I'm trying to decide between two kinds of abstracts for an article I prepare.
- One mentions by name, goal and principle the well-studied, often taught, and commonly used theoretical construction I start from; tells I propose dual smurfs (one large, one small) rather than the usual single smurf, and that I get the benefits of both large and small smurf, with practical applications.
- The other eats like 180 words (out of the recommended 150--250) to introduce some notation¹, then my dual smurfs, an extra variable, two new formulas describing the modified relations. I hope it could trigger a "that could work!" feeling in the target readership. But I have to severely trim the rest.
I fail to find a middle ground: it's either deferring meaningful explanation of the how to the body of the article, or spending most of the limited space/attention span for a basic exposition.
Some context: I'm an engineer using cryptography professionally, not an academic. I only previously wrote one article as a single author², back in 1999. I now have a quite different idea, hopefully improving a well-studied, often taught, and commonly used theoretical construction.
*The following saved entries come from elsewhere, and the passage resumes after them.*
text \<open>If \<open>B'\<close> misses \<open>B\<close>, some \<open>w \<notin> B \<union> B'\<close> is joined to all of \<open>B\<close>; otherwise pick
  \<open>z \<in> B \<inter> B'\<close> and \<open>x \<in> B - B'\<close>, and join each vertex outside \<open>B\<close> to \<open>z\<close> or \<open>x\<close>
  according to its side of \<open>B'\<close>.\<close>

lemma card_le_inner_edges_Int_cut_edges:
  assumes B: "B \<subseteq> {1..n}" and B': "B' \<subseteq> {1..n}" and card: "card B' = card B" "card B \<le> n - card B"
    and ne: "B' \<noteq> B" "B' \<noteq> {1..n} - B"
  shows "card B \<le> card (inner_edges n B' \<inter> cut_edges n B)"
proof -
  have fin: "finite B" "finite B'" "finite (inner_edges n B' \<inter> cut_edges n B)"
    using B B' finite_cut_edges[OF B] by (auto intro: finite_subset)
  have mem: "edge a b \<in> inner_edges n B' \<inter> cut_edges n B"
    if "a \<in> B" "b \<in> {1..n} - B" "a \<in> B' \<longleftrightarrow> b \<in> B'" for a b
    using that B by (auto simp: edge_mem_inner_edges_iff[OF B'] edge_mem_cut_edges_iff[OF B])
  show ?thesis
  proof (cases "B \<inter> B' = {}")
    case True
    with B' ne(2) obtain w where w: "w \<in> {1..n} - B" "w \<notin> B'" by blast
    have "inj_on (\<lambda>a. edge a w) B" by (auto simp: inj_on_def edge_eq_iff)
    moreover have "(\<lambda>a. edge a w) ` B \<subseteq> inner_edges n B' \<inter> cut_edges n B"
      using True w mem by blast
    ultimately show ?thesis using card_inj_on_le fin(3) by blast
  next
    case False
    then obtain z where z: "z \<in> B" "z \<in> B'" by blast
    have "\<not> B \<subseteq> B'" using card_subset_eq[OF fin(2)] card ne(1) by metis
    then obtain x where x: "x \<in> B" "x \<notin> B'" by blast
    define f where "f b = (if b \<in> B' then edge z b else edge x b)" for b
    have "inj_on f ({1..n} - B)"
      using x z unfolding f_def by (auto simp: inj_on_def edge_eq_iff split: if_splits)
    moreover have "f ` ({1..n} - B) \<subseteq> inner_edges n B' \<inter> cut_edges n B"
      using x z mem unfolding f_def by auto
    ultimately have "card ({1..n} - B) \<le> card (inner_edges n B' \<inter> cut_edges n B)"
      using card_inj_on_le fin(3) by blast
    with card fin(1) B show ?thesis by (simp add: card_Diff_subset)
  qed
qed

lemma inner_edges_Un_cut_edges: "B \<subseteq> {1..n} \<Longrightarrow> X \<subseteq> cut_edges n B \<Longrightarrow> (inner_edges n B \<union> X) \<inter> cut_edges n B = X"
  by (auto simp: inner_edges_def)

lemma inj_on_inner_edges_Un:
  assumes k: "k < n div 2" and BB: "BB \<subseteq> halves n" and sep: "\<And>B. B \<in> BB \<Longrightarrow> {1..n} - B \<notin> BB"
  shows "inj_on (\<lambda>(B, X). inner_edges n B \<union> X) (SIGMA B:BB. {X. X \<subseteq> cut_edges n B \<and> card X = k})"
proof (rule inj_onI)
  fix p p' assume "p \<in> (SIGMA B:BB. {X. X \<subseteq> cut_edges n B \<and> card X = k})"
    "p' \<in> (SIGMA B:BB. {X. X \<subseteq> cut_edges n B \<and> card X = k})"
    "(\<lambda>(B, X). inner_edges n B \<union> X) p = (\<lambda>(B, X). inner_edges n B \<union> X) p'"
  then obtain B X B' X' where p: "p = (B, X)" "p' = (B', X')"
    and B: "B \<in> BB" "X \<subseteq> cut_edges n B" "card X = k" and B': "B' \<in> BB" "X' \<subseteq> cut_edges n B'" "card X' = k"
    and eq: "inner_edges n B \<union> X = inner_edges n B' \<union> X'" by auto
  have half: "B \<subseteq> {1..n}" "card B = n div 2" "B' \<subseteq> {1..n}" "card B' = n div 2"
    using B(1) B'(1) BB by (auto simp: halves_def)
  have X: "X = (inner_edges n B' \<union> X') \<inter> cut_edges n B"
    using inner_edges_Un_cut_edges[OF half(1) B(2)] eq by simp
  have "B' = B"
  proof (rule ccontr)
    assume "B' \<noteq> B"
    moreover have "B' \<noteq> {1..n} - B" using sep B(1) B'(1) by blast
    ultimately have "card B \<le> card (inner_edges n B' \<inter> cut_edges n B)"
      using half by (intro card_le_inner_edges_Int_cut_edges) simp_all
    also have "\<dots> \<le> card X"
      unfolding X by (intro card_mono finite_Int) (auto simp: finite_cut_edges[OF half(1)])
    finally show False using B(3) k half(2) by simp
  qed
  with X inner_edges_Un_cut_edges[OF half(3) B'(2)] show "p = p'" by (simp add: p)
qed

lemma card_cut_edges_half: "B \<in> halves n \<Longrightarrow> card (cut_edges n B) = max_cut n"
  by (simp add: halves_def card_cut_edges max_cut_def)

lemma card_inner_edges_Un:
  assumes B: "B \<in> halves n" and X: "X \<subseteq> cut_edges n B"
  shows "card (inner_edges n B \<union> X) = card (sm n 2) - max_cut n + card X"
proof -
  have "B \<subseteq> {1..n}" using B by (simp add: halves_def)
  then have "finite (inner_edges n B)" "finite X" "inner_edges n B \<inter> X = {}"
    using X finite_subset[OF X finite_cut_edges] by (auto simp: inner_edges_def intro: finite_subset[OF _ finite_sm])
  then show ?thesis by (simp add: card_Un_disjoint card_inner_edges_half[OF B])
qed
lemma broken_trace_lightcone_mono:
  assumes bt: "broken_trace l" and xy: "snd (hd l) \<le> x" "x \<le> y" "y \<le> snd (last l)"
  shows "t_of l x + x \<le> t_of l y + y \<and> t_of l y - y \<le> t_of l x - x"
proof -
  define i j where "i = nat (x - snd (hd l))" and "j = nat (y - snd (hd l))"
  have ij: "i \<le> j" "j < length l" "x = snd (hd l) + int i" "y = snd (hd l) + int j"
    using xy broken_trace_snd_last[OF bt] broken_trace_length[OF bt] unfolding i_def j_def by auto
  then show ?thesis
    using broken_trace_lightcone_nth[OF bt ij(1,2)]
      broken_trace_nth[OF bt ij(2)] broken_trace_nth[OF bt, of i] by simp
qed

section \<open>Functions crossing a rectangle\<close>

definition in_rect :: "int \<Rightarrow> int \<Rightarrow> int \<Rightarrow> int \<Rightarrow> int \<Rightarrow> int \<Rightarrow> bool" where
  "in_rect a b c d t x \<longleftrightarrow> a \<le> t + x \<and> t + x \<le> b \<and> c \<le> t - x \<and> t - x \<le> d"
(* Let $\Delta>0$, $\nu>0$, $R\in\mathbb{R}$ with $\Delta^2-4\Delta\nu(1+\Delta R)<0$ (so that $p_\pm^2$ are non-real complex conjugates and all eigenvalues $\lambda^{\rm o}_k,\lambda^{\rm e}_k$ are nonzero). Let $p_+$ be a square root of $p_+^2$. Then for all $x,y\in[-1,1]$, $$\sum_{k=1}^{\infty}\left\{\frac{w^{\rm o}_k(x)w^{\rm o}_k(y)}{\lambda^{\rm o}_k}+\frac{w^{\rm e}_k(x)w^{\rm e}_k(y)}{\lambda^{\rm e}_k}\right\} =\frac{1}{\Delta\nu\,\Im(p_+^2-p_-^2)}\,\Im\!\left(\frac{-\cos\big(2p_+-p_+|x-y|\big)+\cos\big(p_+(x+y)\big)}{p_+\sin(2p_+)}\right)=:G(x,y),$$ and $G$ is the Green's function of the boundary value problem $\mathcal{L}v=r$, $v(-1)=v(1)=v_{xx}(-1)=v_{xx}(1)=0$, i.e. for every continuous $r$ on $[-1,1]$ the function $v(x)=\int_{-1}^{1}G(x,y)r(y)\,dy$ is its solution.
   Context: $\mathcal{L}=1+\Delta R+\Delta\,\partial_{xx}+\Delta\nu\,\partial_{xxxx}$ on $[-1,1]$. $w^{\rm o}_k(x)=\sin(k\pi x)$, $w^{\rm e}_k(x)=\cos((k-\tfrac12)\pi x)$, $\lambda^{\rm o}_k=1+\Delta R-\Delta\pi^2k^2+\Delta\nu\pi^4k^4$, $\lambda^{\rm e}_k=1+\Delta R-\Delta\pi^2(k-\tfrac12)^2+\Delta\nu\pi^4(k-\tfrac12)^4$ for $k\ge1$. $p_\pm^2=\frac{1}{2\nu}\pm\frac{1}{2\Delta\nu}\sqrt{\Delta^2-4\Delta\nu(1+\Delta R)}$, where the square root of the negative discriminant is $i\sqrt{4\Delta\nu(1+\Delta R)-\Delta^2}$. *)

theory Defs
  imports "HOL-Analysis.Analysis"
begin

text \<open>Eigenfunctions and eigenvalues of
  L = 1 + Delta R + Delta d_xx + Delta nu d_xxxx on [-1,1], for k \<ge> 1.\<close>

definition w_o :: "nat \<Rightarrow> real \<Rightarrow> real" where
  "w_o k x = sin (real k * pi * x)"

definition w_e :: "nat \<Rightarrow> real \<Rightarrow> real" where
  "w_e k x = cos ((real k - 1/2) * pi * x)"

definition lam_o :: "real \<Rightarrow> real \<Rightarrow> real \<Rightarrow> nat \<Rightarrow> real" where
  "lam_o \<Delta> \<nu> R k = 1 + \<Delta> * R - \<Delta> * pi^2 * (real k)^2 + \<Delta> * \<nu> * pi^4 * (real k)^4"

definition lam_e :: "real \<Rightarrow> real \<Rightarrow> real \<Rightarrow> nat \<Rightarrow> real" where
  "lam_e \<Delta> \<nu> R k = 1 + \<Delta> * R - \<Delta> * pi^2 * (real k - 1/2)^2
                      + \<Delta> * \<nu> * pi^4 * (real k - 1/2)^4"

definition psq_plus :: "real \<Rightarrow> real \<Rightarrow> real \<Rightarrow> complex" where
  "psq_plus \<Delta> \<nu> R = complex_of_real (1 / (2 * \<nu>))
     + \<i> * complex_of_real (sqrt (4 * \<Delta> * \<nu> * (1 + \<Delta> * R) - \<Delta>^2) / (2 * \<Delta> * \<nu>))"

definition psq_minus :: "real \<Rightarrow> real \<Rightarrow> real \<Rightarrow> complex" where
  "psq_minus \<Delta> \<nu> R = complex_of_real (1 / (2 * \<nu>))
     - \<i> * complex_of_real (sqrt (4 * \<Delta> * \<nu> * (1 + \<Delta> * R) - \<Delta>^2) / (2 * \<Delta> * \<nu>))"

text \<open>The closed-form Green's function, with p a chosen square root of p_plus^2.\<close>

definition Green :: "real \<Rightarrow> real \<Rightarrow> real \<Rightarrow> complex \<Rightarrow> real \<Rightarrow> real \<Rightarrow> real" where
  "Green \<Delta> \<nu> R p x y =
     1 / (\<Delta> * \<nu> * Im (psq_plus \<Delta> \<nu> R - psq_minus \<Delta> \<nu> R)) *
     Im ((- cos (2 * p - p * complex_of_real \<bar>x - y\<bar>) + cos (p * complex_of_real (x + y)))
         / (p * sin (2 * p)))"

end

(*
  Write G(x,y) = Im (c * sin (p (1 + min x y)) * sin (p (1 - max x y))) for a complex constant c.
  Both sine factors solve u'' + p^2 u = 0 and vanish at -1 and at 1 respectively, so variation of
  parameters writes v(x) = integral of G(x,y) r(y) dy as Im (c P) with P'' = - p^2 P + W r, where
  c W is real. Since p^2 is a root of the symbol 1 + Delta R - Delta z + Delta nu z^2, the fourth
  order equation for v follows, and the hinged boundary conditions come from P(-1) = P(1) = 0.

  The eigenfunctions are, up to sign, the sine modes sin (n pi (x + 1) / 2). Lagrange's identity
  shows that the n-th sine coefficient of G(., y) is the n-th mode at y divided by the eigenvalue,
  which equals Delta nu |p^2 - (n pi / 2)^2|^2 and grows like n^4. Hence the series converges
  uniformly, and its sum is G because a continuous function orthogonal to all sine modes vanishes
  (Stone-Weierstrass in the variable cos (pi (x + 1) / 2)).
*)

theory Submission
  imports Defs
begin

section \<open>Complex sines and second order linear equations\<close>

lemma has_vector_derivative_sin_affine:
  "((\<lambda>t. sin (a * complex_of_real t + b)) has_vector_derivative a * cos (a * complex_of_real t + b))
     (at t within S)"
proof -
  have "((\<lambda>z. sin (a * z + b)) has_field_derivative cos (a * of_real t + b) * a) (at (of_real t))"
    by (auto intro!: derivative_eq_intros)
  from has_vector_derivative_real_field[OF this] show ?thesis
    by (simp add: mult.commute)
qed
I plan to first post my article on a specialized preprint website, with three goals:
- Raise interest of academics in the field to either get a summary refutation, or find a coauthor mastering more advanced proof techniques than I do, to get more precise security reduction.
- Make a disclosure that prevents others from filing patent (I won't). That goal complicates privately circulating the article, since the few academics I know in the field tend to have ties to the industry.
- If possible get published in a top conference.
The abstract matters to 1; less for 3, as I can change the abstract when I submit; not for 2.
¹ Four variables known to the target audience but under a plethora of notations and often two names, the usual smurf, one short formula on how the smurf relates to the variables.
² The attempt went well. LaTeX didn't kill me. I got published in a top-4 conference with peer-reviewed proceedings, then invited by academics to merge my material into an article in the reference journal of the field, sort of an obituary to the signature standard we had broken in significantly different ways.